Holding the Man
- First edition
- Author: Timothy Conigrave
- Language: English
- Publisher: Penguin Group (Australia)
- Publication date: 1995
- Publication place: Australia
- Media type: Print (Paperback)
- Pages: 286 (Penguin, 1996)
- ISBN: 9-7-8014025784-7

= Holding the Man =

1995 autobiography by Timothy Conigrave

Holding the Man is a 1995 memoir by Australian writer, actor, and activist Timothy Conigrave. It tells of his 15-year love affair with John Caleo, which started when they met in the mid-1970s at Xavier College, an all-boys Jesuit Catholic school in Melbourne, and follows their relationship through the 1990s when they both developed AIDS. The book, which won the 1995 Human Rights Award for Non-Fiction, has been adapted as a play, a docudrama, and in 2015 a film starring Ryan Corr, Craig Stott, Anthony La Paglia, Geoffrey Rush and Guy Pearce.

"Holding the Man" refers to a rule in Australian Rules Football where a defensive player is awarded a free kick for being tackled while not being in possession of the ball. Caleo, Conigrave's lover, was captain of the school football team.

Holding the Man was published in February 1995 by Penguin Books in Australia just a few months after Conigrave's death, and has since been published in Spain and North America.

==Plot==
The story opens at Kostka, Xavier's junior (preparatory) school in Melbourne. Here, the author begins to sexually experiment with other boys, and comes to the realisation that he is gay. Several years later, on his first day at Xavier College (the Jesuit senior school), Conigrave sees John Caleo for the first time.

The two form a friendship, and at the suggestion of one of Tim's female friends, John is invited to a dinner party at Tim's house. The girls know Tim is in love with John, and "pass a kiss" around the table for his benefit.

A few weeks later, Tim rings John at home, and asks "John Caleo, will you go round with me?" The reply is an unambiguous "Yep".

The two graduate from high school in 1977, Tim attending Monash University and John studying to be a chiropractor at College.
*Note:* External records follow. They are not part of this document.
lemma card_Rows_sign_coincidence:
  assumes k: "k < 2 ^ h" "k' < 2 ^ h" "k \<noteq> k'" and l: "l < 2 ^ h" "l' < 2 ^ h" "l \<noteq> l'"
  shows "4 * card {r\<in>Rows (2 * h). left_sign h r k = left_sign h r k' \<or> right_sign h r l = right_sign h r l'}
    \<le> 3 * 2 ^ (2 * h)"
proof -
  obtain j0 where j0: "j0 < h" "odd (k div 2 ^ j0) \<noteq> odd (k' div 2 ^ j0)"
    using exists_bit_differs[OF k] by blast
  obtain j1 where j1: "j1 < h" "odd (l div 2 ^ j1) \<noteq> odd (l' div 2 ^ j1)"
    using exists_bit_differs[OF l] by blast
  have "4 * card {r\<in>Rows (2 * h). left_sign h r k = left_sign h r k' \<or> right_sign h r l = right_sign h r l'}
    \<le> 3 * card (Rows (2 * h))"
  proof (rule four_card_disj_le_three_card[OF finite_Rows,
        where f = "flip_bit j0" and g = "flip_bit (j1 + h)"])
    show "inj_on (flip_bit j0) (Rows (2 * h))" "inj_on (flip_bit (j1 + h)) (Rows (2 * h))"
      using inj_flip_bit by (auto intro: inj_on_subset)
  next
    fix r assume "r \<in> Rows (2 * h)"
    then show "flip_bit j0 r \<in> Rows (2 * h)
      \<and> (left_sign h (flip_bit j0 r) k = left_sign h (flip_bit j0 r) k' \<longleftrightarrow> \<not> left_sign h r k = left_sign h r k')
      \<and> (right_sign h (flip_bit j0 r) l = right_sign h (flip_bit j0 r) l' \<longleftrightarrow> right_sign h r l = right_sign h r l')"
      using j0 left_sign_cases[of h r k] left_sign_cases[of h r k']
      by (auto simp: flip_bit_Rows left_sign_flip_bit right_sign_flip_bit_less)
  next
    fix r assume "r \<in> Rows (2 * h)"
    then show "flip_bit (j1 + h) r \<in> Rows (2 * h)
      \<and> (left_sign h (flip_bit (j1 + h) r) k = left_sign h (flip_bit (j1 + h) r) k' \<longleftrightarrow> left_sign h r k = left_sign h r k')
      \<and> (right_sign h (flip_bit (j1 + h) r) l = right_sign h (flip_bit (j1 + h) r) l' \<longleftrightarrow> \<not> right_sign h r l = right_sign h r l')"
      using j1 right_sign_cases[of h r l] right_sign_cases[of h r l']
      by (auto simp: flip_bit_Rows right_sign_flip_bit left_sign_flip_bit_ge)
  qed
  then show ?thesis by (simp add: card_Rows)
qed

section \<open>The average purity\<close>

definition cross_sign :: "nat \<Rightarrow> (nat \<Rightarrow> bool) \<Rightarrow> nat \<Rightarrow> nat \<Rightarrow> nat \<Rightarrow> nat \<Rightarrow> int" where
  "cross_sign h r k k' l l' = (left_sign h r k - left_sign h r k') * (right_sign h r l - right_sign h r l')"

lemma abs_cross_sign_le: "\<bar>cross_sign h r k k' l l'\<bar> \<le> 4"
proof -
  have "\<bar>left_sign h r k - left_sign h r k'\<bar> \<le> 2" "\<bar>right_sign h r l - right_sign h r l'\<bar> \<le> 2"
    using left_sign_cases[of h r k] left_sign_cases[of h r k']
      right_sign_cases[of h r l] right_sign_cases[of h r l'] by auto
  from mult_mono[OF this] show ?thesis
    unfolding cross_sign_def abs_mult by simp
qed

lemma cross_sign_eq_0_iff:
  "cross_sign h r k k' l l' = 0 \<longleftrightarrow> left_sign h r k = left_sign h r k' \<or> right_sign h r l = right_sign h r l'"
  unfolding cross_sign_def by simp

lemma Dentry_quadruple_eq_prod_cis:
  assumes n: "n = 2 * h"
  shows "Dentry m n A \<theta> k l * cnj (Dentry m n A \<theta> k' l) * (Dentry m n A \<theta> k' l' * cnj (Dentry m n A \<theta> k l'))
    = (\<Prod>i<m. cis (\<theta> i * of_int (cross_sign h (A i) k k' l l')))"
proof -
  have "phase m h A \<theta> k l - phase m h A \<theta> k' l + (phase m h A \<theta> k' l' - phase m h A \<theta> k l')
      = (\<Sum>i<m. \<theta> i * of_int (cross_sign h (A i) k k' l l'))"
    unfolding phase_def cross_sign_def
    by (simp add: sum_subtractf[symmetric] sum.distrib[symmetric] algebra_simps)
  then show ?thesis
    unfolding Dentry_eq_cis_phase[OF n] by (simp add: cis_cnj cis_mult cis_sum)
qed

lemma rhoA_carrier: "rhoA m n A \<theta> \<in> carrier_mat (2 ^ (n div 2)) (2 ^ (n div 2))"
  unfolding rhoA_def ctrans_def Lambda_def by (intro carrier_matI) simp_all

lemma rhoA_entry:
  assumes "k < 2 ^ (n div 2)" "k' < 2 ^ (n div 2)"
  shows "rhoA m n A \<theta> $$ (k, k')
    = (1 / 2 ^ n) * (\<Sum>l<2 ^ (n div 2). Dentry m n A \<theta> k l * cnj (Dentry m n A \<theta> k' l))"
  using assms unfolding rhoA_def ctrans_def Lambda_def
  by (simp add: scalar_prod_def atLeast0LessThan)

lemma mtrace_rhoA_squared:
  assumes n: "n = 2 * h"
  shows "mtrace (rhoA m n A \<theta> * rhoA m n A \<theta>) = (1 / 2 ^ n)\<^sup>2 *
    (\<Sum>k<2^h. \<Sum>k'<2^h. \<Sum>l<2^h. \<Sum>l'<2^h. \<Prod>i<m. cis (\<theta> i * of_int (cross_sign h (A i) k k' l l')))"
proof -
  let ?\<rho> = "rhoA m n A \<theta>" and ?D = "Dentry m n A \<theta>"
  have hd: "n div 2 = h" using n by simp
  have C: "?\<rho> \<in> carrier_mat (2 ^ h) (2 ^ h)"
    using rhoA_carrier[of m n A \<theta>] by (simp add: hd)
  have "mtrace (?\<rho> * ?\<rho>) = (\<Sum>k<2^h. (?\<rho> * ?\<rho>) $$ (k, k))"
    unfolding mtrace_def using C by simp
  also have "\<dots> = (\<Sum>k<2^h. \<Sum>k'<2^h. ?\<rho> $$ (k, k') * ?\<rho> $$ (k', k))"
    using C by (intro sum.cong refl) (simp add: scalar_prod_def atLeast0LessThan)
  also have "\<dots> = (\<Sum>k<2^h. \<Sum>k'<2^h. (1 / 2 ^ n)\<^sup>2 *
      (\<Sum>l<2^h. \<Sum>l'<2^h. ?D k l * cnj (?D k' l) * (?D k' l' * cnj (?D k l'))))"
    by (intro sum.cong refl) (simp add: rhoA_entry hd sum_product power2_eq_square)
  finally show ?thesis
    by (simp add: sum_distrib_left Dentry_quadruple_eq_prod_cis[OF n])
qed

lemma sum_Amats_Thetas_prod_cis:
  assumes q: "q > 4"
  shows "(\<Sum>A\<in>Amats m n. \<Sum>\<theta>\<in>Thetas q m. \<Prod>i<m. cis (\<theta> i * of_int (cross_sign h (A i) k k' l l')))
    = of_nat ((q * card {r\<in>Rows n. cross_sign h r k k' l l' = 0}) ^ m)"
proof -
  let ?X = "\<lambda>r. cross_sign h r k k' l l'"
  have small: "\<bar>?X r\<bar> < int q" for r
    using abs_cross_sign_le[of h r k k' l l'] q by linarith
  have "(\<Sum>\<theta>\<in>Thetas q m. \<Prod>i<m. cis (\<theta> i * of_int (?X (A i))))
      = (\<Prod>i<m. if ?X (A i) = 0 then of_nat q else 0)" for A
    unfolding Thetas_eq_pad_funcset
    by (simp add: sum_pad_funcset_prod[OF finite_Theta, where G = "\<lambda>i t. cis (t * of_int (?X (A i)))"]
        sum_Theta_cis[OF small])
  then have "(\<Sum>A\<in>Amats m n. \<Sum>\<theta>\<in>Thetas q m. \<Prod>i<m. cis (\<theta> i * of_int (?X (A i))))
      = (\<Prod>i<m. \<Sum>r\<in>Rows n. if ?X r = 0 then of_nat q else 0)"
    unfolding Amats_eq_pad_funcset
    by (simp add: sum_pad_funcset_prod[OF finite_Rows, where G = "\<lambda>i r. if ?X r = 0 then of_nat q else 0"])
  also have "(\<Sum>r\<in>Rows n. if ?X r = 0 then of_nat q else 0) = (of_nat (q * card {r\<in>Rows n. ?X r = 0}) :: complex)"
    by (simp add: sum.If_cases finite_Rows Int_def conj_commute)
  finally show ?thesis by simp
qed

lemma sum_swap_inside4:
  "(\<Sum>a\<in>A. \<Sum>b\<in>B. \<Sum>k\<in>K. \<Sum>k'\<in>K'. \<Sum>l\<in>L. \<Sum>l'\<in>L'. f a b k k' l l')
    = (\<Sum>k\<in>K. \<Sum>k'\<in>K'. \<Sum>l\<in>L. \<Sum>l'\<in>L'. \<Sum>a\<in>A. \<Sum>b\<in>B. f a b k k' l l')"
  by (simp only: sum.swap[where A = A and B = K] sum.swap[where A = A and B = K']
      sum.swap[where A = A and B = L] sum.swap[where A = A and B = L']
      sum.swap[where A = B and B = K] sum.swap[where A = B and B = K']
      sum.swap[where A = B and B = L] sum.swap[where A = B and B = L'])

lemma sum_purity_eq:
  assumes n: "n = 2 * h" and q: "q > 4"
  shows "(\<Sum>A\<in>Amats m n. \<Sum>\<theta>\<in>Thetas q m. Re (mtrace (rhoA m n A \<theta> * rhoA m n A \<theta>)))
    = (1 / 2 ^ n)\<^sup>2 *
      (\<Sum>k<2^h. \<Sum>k'<2^h. \<Sum>l<2^h. \<Sum>l'<2^h. real ((q * card {r\<in>Rows n. cross_sign h r k k' l l' = 0}) ^ m))"
proof -
  have "(\<Sum>A\<in>Amats m n. \<Sum>\<theta>\<in>Thetas q m. mtrace (rhoA m n A \<theta> * rhoA m n A \<theta>))
      = (1 / 2 ^ n)\<^sup>2 * (\<Sum>k<2^h. \<Sum>k'<2^h. \<Sum>l<2^h. \<Sum>l'<2^h.
          \<Sum>A\<in>Amats m n. \<Sum>\<theta>\<in>Thetas q m. \<Prod>i<m. cis (\<theta> i * of_int (cross_sign h (A i) k k' l l')))"
    unfolding mtrace_rhoA_squared[OF n] sum_distrib_left[symmetric] by (subst sum_swap_inside4) (rule refl)
  also have "\<dots> = of_real ((1 / 2 ^ n)\<^sup>2 *
      (\<Sum>k<2^h. \<Sum>k'<2^h. \<Sum>l<2^h. \<Sum>l'<2^h. real ((q * card {r\<in>Rows n. cross_sign h r k k' l l' = 0}) ^ m)))"
    by (simp add: sum_Amats_Thetas_prod_cis[OF q])
  finally show ?thesis
    by (simp only: Re_sum[symmetric] Re_complex_of_real)
qed

lemma sum4_le_off_diagonal_bound:
  fixes x :: "nat \<Rightarrow> nat \<Rightarrow> nat \<Rightarrow> nat \<Rightarrow> real"
  assumes x: "\<And>k k' l l'. k < d \<Longrightarrow> k' < d \<Longrightarrow> l < d \<Longrightarrow> l' < d \<Longrightarrow>
      x k k' l l' \<le> (if k = k' \<or> l = l' then 1 else c)"
    and c: "c \<ge> 0"
  shows "(\<Sum>k<d. \<Sum>k'<d. \<Sum>l<d. \<Sum>l'<d. x k k' l l') \<le> 2 * real d ^ 3 + real d ^ 4 * c"
proof -
  have "(\<Sum>k<d. \<Sum>k'<d. \<Sum>l<d. \<Sum>l'<d. x k k' l l')
      \<le> (\<Sum>k<d. \<Sum>k'<d. \<Sum>l<d. \<Sum>l'<d. (if k = k' then 1 else 0) + (if l = l' then 1 else 0) + c)"
    by (intro sum_mono order_trans[OF x]) (use c in auto)
  also have "\<dots> = (\<Sum>k<d. \<Sum>k'<d. \<Sum>l<d. \<Sum>l'<d. if k = k' then 1 else 0)
      + (\<Sum>k<d. \<Sum>k'<d. \<Sum>l<d. \<Sum>l'<d. if l = l' then 1 else 0) + (\<Sum>k<d. \<Sum>k'<d. \<Sum>l<d. \<Sum>l'<d. c)"
    by (simp only: sum.distrib)
  also have "(\<Sum>k<d. \<Sum>k'<d. \<Sum>l<d. \<Sum>l'<d. if k = k' then 1 else 0)
      = (\<Sum>k<d. \<Sum>k'<d. if k = k' then real d * real d else (0::real))"
    by (intro sum.cong refl) simp
  also have "\<dots> = real d ^ 3"
    by (simp add: power3_eq_cube)
  also have "(\<Sum>k<d. \<Sum>k'<d. \<Sum>l<d. \<Sum>l'<d. if l = l' then 1 else 0) = real d ^ 3"
    by (simp add: power3_eq_cube)
  also have "(\<Sum>k<d. \<Sum>k'<d. \<Sum>l<d. \<Sum>l'<d. c) = real d ^ 4 * c"
    by (simp add: power4_eq_xxxx)
  finally show ?thesis by simp
qed

lemma coincidence_fraction_power_le:
  assumes "k < 2 ^ h" "k' < 2 ^ h" "l < 2 ^ h" "l' < 2 ^ h"
  shows "(real (card {r\<in>Rows (2 * h). cross_sign h r k k' l l' = 0}) / 2 ^ (2 * h)) ^ m
    \<le> (if k = k' \<or> l = l' then 1 else (3 / 4) ^ m)"
proof -
  let ?N = "card {r\<in>Rows (2 * h). cross_sign h r k k' l l' = 0}"
  have "?N \<le> card (Rows (2 * h))"
    by (rule card_mono[OF finite_Rows]) auto
  then have "real ?N / 2 ^ (2 * h) \<le> 1"
    by (simp add: card_Rows divide_le_eq_1)
  moreover have "real ?N / 2 ^ (2 * h) \<le> 3 / 4" if "k \<noteq> k'" "l \<noteq> l'"
  proof -
    have "4 * ?N \<le> 3 * 2 ^ (2 * h)"
      unfolding cross_sign_eq_0_iff by (rule card_Rows_sign_coincidence) (use assms that in auto)
    from of_nat_mono[OF this] have "4 * real ?N \<le> 3 * 2 ^ (2 * h)"
      by simp
    then show ?thesis by (simp add: field_simps)
  qed
  ultimately show ?thesis
    by (auto intro: power_le_one power_mono)
qed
Despite parental opposition, Conigrave's eventual move to Sydney in order to attend NIDA, and youthful experimentation and infidelities, the relationship continues.

Tragically, when Tim and John finally move in together in Sydney and are genuinely happy, they are both diagnosed with HIV. The year is 1985.

Until 1990, the men have relatively mild symptoms. Sadly, in the autumn of 1991, John begins to rapidly deteriorate, suffering from lymphoma. Tim cares for his partner, whilst nursing symptoms of his own. The misery of HIV/AIDS is laid bare before the reader, with Conigrave sparing nothing in detailing the cruel progression of the disease. He watches as his lover's once-strong body is ravaged. The reader helplessly looks on as the story moves to its devastating conclusion.

At Christmas, in 1991, John is admitted to the Fairfield Hospital in Melbourne. A month later, on Australia Day 1992, he dies of an AIDS-related illness, with his lover by his side, gently stroking his hair. Nearly three years later, shortly after finishing Holding the Man, Tim Conigrave passes away in Sydney.

== Awards and notable reviews ==
Publishers have claimed that the book has won the Human Rights award for Non-Fiction in 1995, and has been listed as one of the "100 Favourite Australian Books" by the Australian society of Authors in 2003.

In 2015 UK singer Sam Smith praised the memoir on their Instagram account: "The most powerful thing for me was how this book captured what it's like to grow up gay and all those confusing scary and amazing moments I had coming out and realising who I was...this book and film pretty much changed my life".

Veteran London stage director, and director of the film, Neil Armfeld described the book as "extremely important in Australian gay history" going on to say that it "surveyed that time in Australian gay life."

Tim Robey of the Australian Telegraph described it as "Romeo and Juliet for the AIDS era.

Peter Kenneally from the Australian Book Review likens the story to Pyramus and Thisbe.

==Spanish and North American editions==
The book was published in Spanish in 2002 under the title Amando En Tiempos De Silencio (Loving in the Days of Silence). (ISBN 84-95346-24-9).

The United States and Canadian edition of Holding the Man (with an afterword by Tommy Murphy) was released in September 2007 by Cuttyhunk Books, Boston, Massachusetts. (EAN/ISBN 978-0-97882595-9).

==Adaptations==

Holding the Man was adapted for the stage by Tommy Murphy in 2006. The original production, directed by David Berthold, is one of the most successful Australian stage productions in recent years, playing in most Australian capital cities and London's West End.

Murphy also wrote the script for the 2015 film adaptation, directed by Neil Armfield.

A feature-length documentary about Tim and John's relationship, called Remembering the Man, was released in 2015. The documentary had its world premiere on 18 October (the 21st anniversary of Conigrave's death) at the Adelaide Film Festival where it won the audience award for best documentary.